The government initially planned to provide the legal basis for special economic zones in an emergency government regulation. It then switched course and decided to issue a law on the special zones, after discussing the matter with the House of Representatives.
Citing the example of China, the government has expressed its commitment to provide more liberal economic laws to boost foreign investment in the SEZs.
"Incentives and facilities for businesses will cover favorable tax, customs, land rights and immigration procedures. All under a one-stop service," Bambang said.
On fiscal incentives, the future SEZ law will reportedly exempt all imported goods coming into special economic zones from import duties and value added tax.
Regarding land rights, investors will have similar opportunities provided under the new Investment Law. These include 95 years of cultivation rights, 80 years of building rights and 70 years of land usage rights.
Many business players have said labor is the most important issue to be addressed for SEZs. Businesses want more liberal labor regulations, particularly related to severance pay and minimum wage.

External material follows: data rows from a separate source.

(* Let $\rho_0,\rho$ be Lévy measures on $(0,+\infty)$, $P_0$ an atomless probability on $\mathbb X$, and $\tilde{\boldsymbol\mu}\sim\mathrm{hCRV}(\rho,\rho_0,P_0)$. Then each marginal $\tilde\mu_i$ is infinitely active (i.e. the marginal Lévy measure $\rho_1(\cdot)=\int_0^{+\infty}P_{\mathrm{ID}(t\rho)}(\cdot)\,\mathrm d\rho_0(t)$ of $\tilde\mu_i$, restricted to $(0,+\infty)$, has infinite total mass) if and only if $$\int_0^{+\infty}\mathrm d\rho_0(t)=\int_0^{+\infty}\mathrm d\rho(t)=+\infty.$$
   Context: Let $\mathbb X$ be a Polish space. A Lévy measure on $(0,+\infty)$ is a σ-finite measure $\rho$ with $\rho((\epsilon,+\infty))<\infty$ and $\int_{(0,\epsilon)}s\,\mathrm d\rho(s)<\infty$ for all $\epsilon>0$; its Laplace exponent is $\psi(\lambda)=\int_0^{+\infty}(1-e^{-\lambda s})\,\mathrm d\rho(s)$. $\mathrm{ID}(\rho)$ is the infinitely divisible distribution on $[0,+\infty)$ with Laplace transform $e^{-\psi(\lambda)}$, with law $P_{\mathrm{ID}(\rho)}$. For a finite (possibly random) measure $m$ on $\mathbb X$, $\tilde\mu\sim\mathrm{CRM}(\rho\otimes m)$ means that (conditionally on $m$) evaluations on pairwise disjoint Borel sets are independent and $E[e^{-\lambda\tilde\mu(A)}]=e^{-m(A)\psi(\lambda)}$. $\tilde{\boldsymbol\mu}=(\tilde\mu_1,\dots,\tilde\mu_d)\sim\mathrm{hCRV}(\rho,\rho_0,P_0)$ means $\tilde\mu_0\sim\mathrm{CRM}(\rho_0\otimes P_0)$ and, conditionally on $\tilde\mu_0$, the $\tilde\mu_i$ are independent with $\tilde\mu_i\sim\mathrm{CRM}(\rho\otimes\tilde\mu_0)$. Each $\tilde\mu_i$ is then a completely random measure with Lévy intensity $\rho_1\otimes P_0$, $\rho_1$ as in the claim. A CRM is infinitely active if its Lévy measure on $(0,\infty)$ has infinite mass. *)

theory Defs
  imports "HOL-Probability.Probability"
begin

text \<open>A Levy measure on (0,+inf), represented as a sigma-finite Borel measure on the
reals giving no mass to (-inf,0].\<close>
definition levy_measure :: "real measure \<Rightarrow> bool" where
  "levy_measure \<rho> \<longleftrightarrow> sets \<rho> = sets borel \<and> sigma_finite_measure \<rho> \<and>
     emeasure \<rho> {..0} = 0 \<and>
     (\<forall>\<epsilon>>0. emeasure \<rho> {\<epsilon><..} < \<infinity> \<and>
              (\<integral>\<^sup>+ s. ennreal s * indicator {0<..<\<epsilon>} s \<partial>\<rho>) < \<infinity>)"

On this issue, the draft law in its current form only stipulates there should be tripartite cooperation among the government, companies and unions to address labor issues.
In addition to Riau Islands province, which plans to turn the islands of Batam, Bintan and Karimun into a special economic zone, 12 other provinces have proposed setting up SEZs. These provinces include Banten, which has proposed an SEZ in the area of Bojonegara; North Sumatra (Belawan); Central Java (Jepara and its northern coast); and North Sulawesi (Bitung).
According to the draft SEZ law, for an area to become a special economic zone it must have the full commitment of its respective provincial administration. The area must also be located in a strategic location and close to an international port, meet basic infrastructure requirements and be at least 500 hectares in area.
In order to coordinate the zones, the draft law proposes the establishment of an SEZ Development Board, which would have the authority to decide which area is eligible to become an SEZ. This board would be headed by the coordinating minister for the economy, and would be directly responsible to the President.
"To assure the competitiveness of our SEZs, we have conducted benchmarking with SEZs in China, India, Vietnam and the Philippines," he said.
The earliest and most well known SEZs were founded by the government of China in the early 1980s, under then leader Deng Xiaoping.
As of 2007, more than 500 SEZs have been set up in more than 75 countries, most closely following the China model. This has raised concern with the World Bank, which questions the sustainability of such a large number of SEZs.